As reported by New Scientist, Kenneth Payne of King’s College London conducted a series of simulated war games pitting three prominent large language models—GPT-5.2, Claude Sonnet 4, and Gemini 3 Flash—against one another. The scenarios encompassed intense international conflicts, ranging from border disputes and competition over scarce resources to existential threats aimed at regime survival.

The AI models were presented with an “escalation ladder,” allowing them to select from a spectrum of actions starting with diplomatic protests and extending through total capitulation or full-scale strategic nuclear warfare. Over the course of 21 games totaling 329 rounds, the models generated approximately 780,000 words justifying the logic behind their strategic choices.

In 95% of the simulated games, at least one tactical nuclear weapon was deployed by the AI participants.

“The nuclear taboo does not appear to be as potent for machines as it is for humans,” Payne observed.

Furthermore, regardless of the severity of their losses, none of the models opted for total reconciliation or surrender to an opponent. At best, the models chose only to temporarily de-escalate levels of violence.

The simulations also revealed critical failures within the “fog of war.” In 86% of the conflicts, accidents occurred where the AI’s logic drove actions to escalate to levels higher than the models had initially intended.

“From a nuclear risk perspective, these findings are unsettling,” said James Johnson of the University of Aberdeen. Johnson expressed concern that while most humans respond with measured restraint to such high-stakes decisions, AI bots could potentially amplify each other’s reactions in a manner that leads to catastrophic outcomes.

AI is already being integrated into war-gaming exercises by various nations. Tong Zhao of Princeton University noted, “Great powers are already utilizing AI in war games, though the extent to which they incorporate AI decision support into actual military decision-making processes remains unclear.”

Zhao believes nations will remain hesitant to standardize the inclusion of AI in nuclear command-and-control structures. Payne concurred, stating, “Realistically, I do not believe anyone is about to hand the keys to the nuclear silos over to machines and leave the decision to them.”

However, there are pathways through which this could manifest. Zhao argued that in scenarios involving extremely compressed timelines, military planners may face “stronger incentives to rely on AI.”

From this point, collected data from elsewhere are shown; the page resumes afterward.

(* Let $(\mathfrak g,\mathfrak g^* )$ be a Hom-Lie bialgebra (with $\mathfrak g$ finite-dimensional, Hom-Lie algebras $(\mathfrak{g},[\cdot,\cdot]_{\mathfrak{g}},\phi_{\mathfrak{g}})$ and $(\mathfrak g^*,[\cdot,\cdot]_{\mathfrak g^*},\phi_{\mathfrak g}^* )$ and cobracket $\Delta$). Then the canonical structure on $\mathfrak g\oplus\mathfrak g^*$ described below is a Hom-Lie bialgebra, and the maps $\mathfrak g\to\mathfrak g\oplus\mathfrak g^*$, $x\mapsto\phi_{\mathfrak g}(x)$, and $\mathfrak g^*\to\mathfrak g\oplus\mathfrak g^*$, $a\mapsto\phi_{\mathfrak g}^*(a)$, are homomorphisms of Hom-Lie bialgebras from $(\mathfrak g,\Delta)$ and from $(\mathfrak g^*,-\Delta_{\mathfrak g^*})$ respectively, where $\langle\Delta_{\mathfrak g^*}(a),x\otimes y\rangle=\langle a,[x,y]_{\mathfrak g}\rangle$.
   Context: A Hom-Lie algebra $(\mathfrak{h},[\cdot,\cdot]_{\mathfrak{h}},\phi_{\mathfrak{h}})$: skew-symmetric bilinear bracket and linear map $\phi_{\mathfrak h}$ with $\phi_{\mathfrak h}[x,y]=[\phi_{\mathfrak h}x,\phi_{\mathfrak h}y]$ and $[\phi_{\mathfrak h}(x),[y,z]]+[\phi_{\mathfrak h}(y),[z,x]]+[\phi_{\mathfrak h}(z),[x,y]]=0$; weakly involutive if $[\phi_{\mathfrak h}^2(x),y]=[x,y]$. For $z\in\mathfrak h$, $t\in\mathfrak h\otimes\mathfrak h$: $\mathrm{ad}_zt=(\mathrm{ad}_z\otimes\phi_{\mathfrak h}+\phi_{\mathfrak h}\otimes\mathrm{ad}_z)t$, $\mathrm{ad}_zy=[z,y]$. A Hom-Lie bialgebra $(\mathfrak h,\Delta_{\mathfrak h})$ (finite-dimensional) is a weakly involutive Hom-Lie algebra $\mathfrak h$ with a linear map $\Delta_{\mathfrak h}:\mathfrak h\to\mathfrak h\otimes\mathfrak h$ such that $\mathfrak h^*$ with bracket $\langle[a,b]_{\mathfrak h^*},x\rangle=\langle\Delta_{\mathfrak h}(x),a\otimes b\rangle$ and map $\phi_{\mathfrak h}^*$ is a weakly involutive Hom-Lie algebra and $\Delta_{\mathfrak h}[x,y]=\mathrm{ad}_{\phi_{\mathfrak h}(x)}\Delta_{\mathfrak h}(y)-\mathrm{ad}_{\phi_{\mathfrak h}(y)}\Delta_{\mathfrak h}(x)$; we also write $(\mathfrak h,\mathfrak h^* )$. A homomorphism of Hom-Lie bialgebras $f:(\mathfrak h,\Delta_{\mathfrak h})\to(\mathfrak k,\Delta_{\mathfrak k})$ is a linear map with $f[x,y]=[f(x),f(y)]$, $f\phi_{\mathfrak h}=\phi_{\mathfrak k}f$ and $(f\otimes f)\Delta_{\mathfrak h}=\Delta_{\mathfrak k}f$. Canonical structure: let $\mathrm{ad}^\circ_xa\in\mathfrak g^*$ be defined by $\langle\mathrm{ad}^\circ_xa,y\rangle=-\langle a,[\phi_{\mathfrak g}(x),y]_{\mathfrak g}\rangle$ and $\mathfrak{ad}^\circ_ax\in\mathfrak g$ by $\langle\mathfrak{ad}^\circ_ax,b\rangle=-\langle x,[\phi_{\mathfrak g}^*(a),b]_{\mathfrak g^*}\rangle$. On $\mathfrak g\oplus\mathfrak g^*$ take the bracket $[x+a,y+b]_d=[x,y]_{\mathfrak g}+\mathrm{ad}^\circ_xb-\mathrm{ad}^\circ_ya+[a,b]_{\mathfrak g^*}+\mathfrak{ad}^\circ_ay-\mathfrak{ad}^\circ_bx$ and twisting map $\phi_{\mathfrak g}\oplus\phi_{\mathfrak g}^*$; with $\{e_i\}$ a basis of $\mathfrak g$, $\{f_i\}$ the dual basis and $r=\sum_ie_i\otimes f_i$, the cobracket is $\Delta_{\mathcal{HD}}(u)=(\mathrm{ad}_u\otimes(\phi_{\mathfrak g}\oplus\phi_{\mathfrak g}^* )+(\phi_{\mathfrak g}\oplus\phi_{\mathfrak g}^* )\otimes\mathrm{ad}_u)r$ for $u\in\mathfrak g\oplus\mathfrak g^*$ (ad taken in the bracket $[\cdot,\cdot]_d$). *)

theory Defs
  imports Main
begin

text \<open>A finite-dimensional vector space over a field 'k is modelled as the coordinate
space of functions 'i \<Rightarrow> 'k for a finite index type 'i (the basis e_i = unitv i).
Tensors in h \<otimes> h are modelled as 'i \<Rightarrow> 'i \<Rightarrow> 'k, with u \<otimes> v = (\<lambda>i j. u i * v j).
The dual space h* is again 'i \<Rightarrow> 'k with the coordinate pairing (dual basis f_i = unitv i).\<close>

definition lin :: "(('i \<Rightarrow> 'k::field) \<Rightarrow> ('j \<Rightarrow> 'k)) \<Rightarrow> bool" where
  "lin f \<longleftrightarrow> (\<forall>x y. f (\<lambda>i. x i + y i) = (\<lambda>j. f x j + f y j)) \<and>
               (\<forall>c x. f (\<lambda>i. c * x i) = (\<lambda>j. c * f x j))"

definition lin2 :: "(('i \<Rightarrow> 'k::field) \<Rightarrow> ('j \<Rightarrow> 'j \<Rightarrow> 'k)) \<Rightarrow> bool" where
  "lin2 f \<longleftrightarrow> (\<forall>x y. f (\<lambda>i. x i + y i) = (\<lambda>p q. f x p q + f y p q)) \<and>
               (\<forall>c x. f (\<lambda>i. c * x i) = (\<lambda>p q. c * f x p q))"

definition bilin :: "(('i \<Rightarrow> 'k::field) \<Rightarrow> ('i \<Rightarrow> 'k) \<Rightarrow> ('i \<Rightarrow> 'k)) \<Rightarrow> bool" where
  "bilin br \<longleftrightarrow> (\<forall>x. lin (br x)) \<and> (\<forall>y. lin (\<lambda>x. br x y))"

definition unitv :: "'i \<Rightarrow> ('i \<Rightarrow> 'k::field)" where
  "unitv p = (\<lambda>k. if k = p then 1 else 0)"

definition pair :: "('i::finite \<Rightarrow> 'k::field) \<Rightarrow> ('i \<Rightarrow> 'k) \<Rightarrow> 'k" where
  "pair a x = (\<Sum>i\<in>UNIV. a i * x i)"

definition tmap :: "(('i::finite \<Rightarrow> 'k::field) \<Rightarrow> ('j \<Rightarrow> 'k)) \<Rightarrow> (('i \<Rightarrow> 'k) \<Rightarrow> ('j \<Rightarrow> 'k))
     \<Rightarrow> ('i \<Rightarrow> 'i \<Rightarrow> 'k) \<Rightarrow> ('j \<Rightarrow> 'j \<Rightarrow> 'k)" where
  "tmap f g t = (\<lambda>i j. \<Sum>p\<in>UNIV. \<Sum>q\<in>UNIV. t p q * f (unitv p) i * g (unitv q) j)"

definition ad_t :: "(('i::finite \<Rightarrow> 'k::field) \<Rightarrow> ('i \<Rightarrow> 'k) \<Rightarrow> ('i \<Rightarrow> 'k)) \<Rightarrow> (('i \<Rightarrow> 'k) \<Rightarrow> ('i \<Rightarrow> 'k))
     \<Rightarrow> ('i \<Rightarrow> 'k) \<Rightarrow> ('i \<Rightarrow> 'i \<Rightarrow> 'k) \<Rightarrow> ('i \<Rightarrow> 'i \<Rightarrow> 'k)" where
  "ad_t br phi z t = (\<lambda>i j. tmap (br z) phi t i j + tmap phi (br z) t i j)"

definition dual_map :: "(('i::finite \<Rightarrow> 'k::field) \<Rightarrow> ('i \<Rightarrow> 'k)) \<Rightarrow> ('i \<Rightarrow> 'k) \<Rightarrow> ('i \<Rightarrow> 'k)" where
  "dual_map phi a = (\<lambda>i. pair a (phi (unitv i)))"

text \<open>bracket on h*: \<langle>[a,b], x\<rangle> = \<langle>\<Delta> x, a \<otimes> b\<rangle>\<close>
definition dual_br :: "(('i::finite \<Rightarrow> 'k::field) \<Rightarrow> ('i \<Rightarrow> 'i \<Rightarrow> 'k))
     \<Rightarrow> ('i \<Rightarrow> 'k) \<Rightarrow> ('i \<Rightarrow> 'k) \<Rightarrow> ('i \<Rightarrow> 'k)" where
  "dual_br D a b = (\<lambda>k. \<Sum>i\<in>UNIV. \<Sum>j\<in>UNIV. D (unitv k) i j * a i * b j)"

definition dual_cobr :: "(('i::finite \<Rightarrow> 'k::field) \<Rightarrow> ('i \<Rightarrow> 'k) \<Rightarrow> ('i \<Rightarrow> 'k))
     \<Rightarrow> ('i \<Rightarrow> 'k) \<Rightarrow> ('i \<Rightarrow> 'i \<Rightarrow> 'k)" where
  "dual_cobr br a = (\<lambda>i j. pair a (br (unitv i) (unitv j)))"

definition hom_lie :: "(('i \<Rightarrow> 'k::field) \<Rightarrow> ('i \<Rightarrow> 'k) \<Rightarrow> ('i \<Rightarrow> 'k)) \<Rightarrow> (('i \<Rightarrow> 'k) \<Rightarrow> ('i \<Rightarrow> 'k)) \<Rightarrow> bool" where
  "hom_lie br phi \<longleftrightarrow> bilin br \<and> (\<forall>x y. br x y = (\<lambda>i. - br y x i)) \<and> lin phi \<and>
     (\<forall>x y. phi (br x y) = br (phi x) (phi y)) \<and>
     (\<forall>x y z. (\<lambda>i. br (phi x) (br y z) i + br (phi y) (br z x) i + br (phi z) (br x y) i) = (\<lambda>i. 0))"

definition weak_inv :: "(('i \<Rightarrow> 'k::field) \<Rightarrow> ('i \<Rightarrow> 'k) \<Rightarrow> ('i \<Rightarrow> 'k)) \<Rightarrow> (('i \<Rightarrow> 'k) \<Rightarrow> ('i \<Rightarrow> 'k)) \<Rightarrow> bool" where
  "weak_inv br phi \<longleftrightarrow> (\<forall>x y. br (phi (phi x)) y = br x y)"

definition hom_lie_bialg :: "(('i::finite \<Rightarrow> 'k::field) \<Rightarrow> ('i \<Rightarrow> 'k) \<Rightarrow> ('i \<Rightarrow> 'k)) \<Rightarrow> (('i \<Rightarrow> 'k) \<Rightarrow> ('i \<Rightarrow> 'k))
     \<Rightarrow> (('i \<Rightarrow> 'k) \<Rightarrow> ('i \<Rightarrow> 'i \<Rightarrow> 'k)) \<Rightarrow> bool" where
  "hom_lie_bialg br phi D \<longleftrightarrow> hom_lie br phi \<and> weak_inv br phi \<and> lin2 D \<and>
     hom_lie (dual_br D) (dual_map phi) \<and> weak_inv (dual_br D) (dual_map phi) \<and>
     (\<forall>x y. D (br x y) = (\<lambda>i j. ad_t br phi (phi x) (D y) i j - ad_t br phi (phi y) (D x) i j))"

definition bialg_hom :: "(('i::finite \<Rightarrow> 'k::field) \<Rightarrow> ('i \<Rightarrow> 'k) \<Rightarrow> ('i \<Rightarrow> 'k)) \<Rightarrow> (('i \<Rightarrow> 'k) \<Rightarrow> ('i \<Rightarrow> 'k))
     \<Rightarrow> (('i \<Rightarrow> 'k) \<Rightarrow> ('i \<Rightarrow> 'i \<Rightarrow> 'k))
     \<Rightarrow> (('j::finite \<Rightarrow> 'k) \<Rightarrow> ('j \<Rightarrow> 'k) \<Rightarrow> ('j \<Rightarrow> 'k)) \<Rightarrow> (('j \<Rightarrow> 'k) \<Rightarrow> ('j \<Rightarrow> 'k))
     \<Rightarrow> (('j \<Rightarrow> 'k) \<Rightarrow> ('j \<Rightarrow> 'j \<Rightarrow> 'k)) \<Rightarrow> (('i \<Rightarrow> 'k) \<Rightarrow> ('j \<Rightarrow> 'k)) \<Rightarrow> bool" where
  "bialg_hom br1 phi1 D1 br2 phi2 D2 f \<longleftrightarrow> lin f \<and>
     (\<forall>x y. f (br1 x y) = br2 (f x) (f y)) \<and> (\<forall>x. f (phi1 x) = phi2 (f x)) \<and>
     (\<forall>x. tmap f f (D1 x) = D2 (f x))"

subsection \<open>The double g \<oplus> g*, indexed by 'i + 'i (Inl: g-part, Inr: g*-part)\<close>

definition gpart :: "('i + 'i \<Rightarrow> 'k) \<Rightarrow> ('i \<Rightarrow> 'k)" where "gpart u = (\<lambda>i. u (Inl i))"
definition dpart :: "('i + 'i \<Rightarrow> 'k) \<Rightarrow> ('i \<Rightarrow> 'k)" where "dpart u = (\<lambda>i. u (Inr i))"
definition mkd :: "('i \<Rightarrow> 'k) \<Rightarrow> ('i \<Rightarrow> 'k) \<Rightarrow> ('i + 'i \<Rightarrow> 'k)" where
  "mkd x a = (\<lambda>s. case s of Inl i \<Rightarrow> x i | Inr i \<Rightarrow> a i)"

definition coad :: "(('i::finite \<Rightarrow> 'k::field) \<Rightarrow> ('i \<Rightarrow> 'k) \<Rightarrow> ('i \<Rightarrow> 'k)) \<Rightarrow> (('i \<Rightarrow> 'k) \<Rightarrow> ('i \<Rightarrow> 'k))
     \<Rightarrow> ('i \<Rightarrow> 'k) \<Rightarrow> ('i \<Rightarrow> 'k) \<Rightarrow> ('i \<Rightarrow> 'k)" where
  "coad br phi x a = (\<lambda>j. - pair a (br (phi x) (unitv j)))"

definition dbr :: "(('i::finite \<Rightarrow> 'k::field) \<Rightarrow> ('i \<Rightarrow> 'k) \<Rightarrow> ('i \<Rightarrow> 'k)) \<Rightarrow> (('i \<Rightarrow> 'k) \<Rightarrow> ('i \<Rightarrow> 'k))
     \<Rightarrow> (('i \<Rightarrow> 'k) \<Rightarrow> ('i \<Rightarrow> 'i \<Rightarrow> 'k))
     \<Rightarrow> ('i + 'i \<Rightarrow> 'k) \<Rightarrow> ('i + 'i \<Rightarrow> 'k) \<Rightarrow> ('i + 'i \<Rightarrow> 'k)" where
  "dbr br phi D u v =
     (let x = gpart u; a = dpart u; y = gpart v; b = dpart v;
          brs = dual_br D; phis = dual_map phi in
      mkd (\<lambda>i. br x y i + coad brs phis a y i - coad brs phis b x i)
          (\<lambda>i. coad br phi x b i - coad br phi y a i + brs a b i))"

definition dphi :: "(('i::finite \<Rightarrow> 'k::field) \<Rightarrow> ('i \<Rightarrow> 'k)) \<Rightarrow> ('i + 'i \<Rightarrow> 'k) \<Rightarrow> ('i + 'i \<Rightarrow> 'k)" where
  "dphi phi u = mkd (phi (gpart u)) (dual_map phi (dpart u))"

text \<open>r = \<Sum>_i e_i \<otimes> f_i\<close>
definition rcan :: "'i + 'i \<Rightarrow> 'i + 'i \<Rightarrow> 'k::field" where
  "rcan s t = (case (s, t) of (Inl i, Inr j) \<Rightarrow> (if i = j then 1 else 0) | _ \<Rightarrow> 0)"

definition dcobr :: "(('i::finite \<Rightarrow> 'k::field) \<Rightarrow> ('i \<Rightarrow> 'k) \<Rightarrow> ('i \<Rightarrow> 'k)) \<Rightarrow> (('i \<Rightarrow> 'k) \<Rightarrow> ('i \<Rightarrow> 'k))
     \<Rightarrow> (('i \<Rightarrow> 'k) \<Rightarrow> ('i \<Rightarrow> 'i \<Rightarrow> 'k))
     \<Rightarrow> ('i + 'i \<Rightarrow> 'k) \<Rightarrow> ('i + 'i \<Rightarrow> 'i + 'i \<Rightarrow> 'k)" where
  "dcobr br phi D u = ad_t (dbr br phi D) (dphi phi) u rcan"

definition inj_g :: "(('i \<Rightarrow> 'k::field) \<Rightarrow> ('i \<Rightarrow> 'k)) \<Rightarrow> ('i \<Rightarrow> 'k) \<Rightarrow> ('i + 'i \<Rightarrow> 'k)" where
  "inj_g phi x = mkd (phi x) (\<lambda>i. 0)"

definition inj_d :: "(('i::finite \<Rightarrow> 'k::field) \<Rightarrow> ('i \<Rightarrow> 'k)) \<Rightarrow> ('i \<Rightarrow> 'k) \<Rightarrow> ('i + 'i \<Rightarrow> 'k)" where
  "inj_d phi a = mkd (\<lambda>i. 0) (dual_map phi a)"

end

theory Submission
  imports Defs
begin

text \<open>The double bracket satisfies the Hom-Jacobi identity: by trilinearity and cyclicity of the
Jacobiator it suffices to test triples of pure elements of \<open>\<g>\<close> and \<open>\<g>\<^sup>*\<close>; the pure triples are the
Hom-Jacobi identities of \<open>\<g>\<close> and \<open>\<g>\<^sup>*\<close>, and after pairing with a test vector the mixed ones become
the compatibility condition of \<open>\<Delta>\<close>.
The cobracket of the double is the coboundary of \<open>r\<close>, so its cocycle condition follows from the
Hom-Jacobi identity of the double together with
\<open>(\<phi>\<otimes>\<phi>) r = (\<phi>\<^sup>2\<otimes>1) r = (1\<otimes>\<phi>\<^sup>2) r\<close>. Computing it blockwise gives \<open>\<Delta>\<close> on \<open>\<g>\<close> and \<open>-\<Delta>\<^sub>\<g>\<^sub>*\<close> on \<open>\<g>\<^sup>*\<close>:
hence the dual of the double is the direct sum of \<open>\<g>\<^sup>*\<close> and \<open>(\<g>, -[\<cdot>,\<cdot>])\<close>, a weakly involutive
Hom-Lie algebra, and both twisted inclusions are bialgebra homomorphisms.\<close>

section \<open>Coordinate linear algebra\<close>

lemma sum_mult_unitv [simp]:
  fixes f :: "'i::finite \<Rightarrow> 'k::field"
  shows "(\<Sum>i\<in>UNIV. f i * unitv i l) = f l" "(\<Sum>i\<in>UNIV. unitv i l * f i) = f l"
    "(\<Sum>i\<in>UNIV. f i * unitv l i) = f l" "(\<Sum>i\<in>UNIV. unitv l i * f i) = f l"
  by (simp_all add: unitv_def if_distrib[of "\<lambda>z. _ * z"] if_distrib[of "\<lambda>z. z * _"] cong: if_cong)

He questioned whether the models’ lack of human fear regarding the “big red button” was the sole reason for their hair-trigger tendencies. “It is possible this issue goes beyond a lack of emotion,” Zhao said. “More fundamentally, AI models may not comprehend ‘risk’ in the way humans perceive it.”

Johnson noted that the implications for Mutually Assured Destruction (MAD)—the principle that no leader would initiate a nuclear strike because the opponent’s certain retaliation would result in total annihilation—remain ambiguous. When one AI model deployed tactical nuclear weapons, the opposing AI chose to de-escalate the situation only 18% of the time.

“AI could strengthen deterrence by making threats more credible,” Johnson suggested. “AI will not decide on nuclear war, but it could shape the perceptions and timelines that determine whether leaders decide to go to war.”

OpenAI, Anthropic, and Google—the developers of the three AI models featured in the study—did not respond to requests for comment from New Scientist.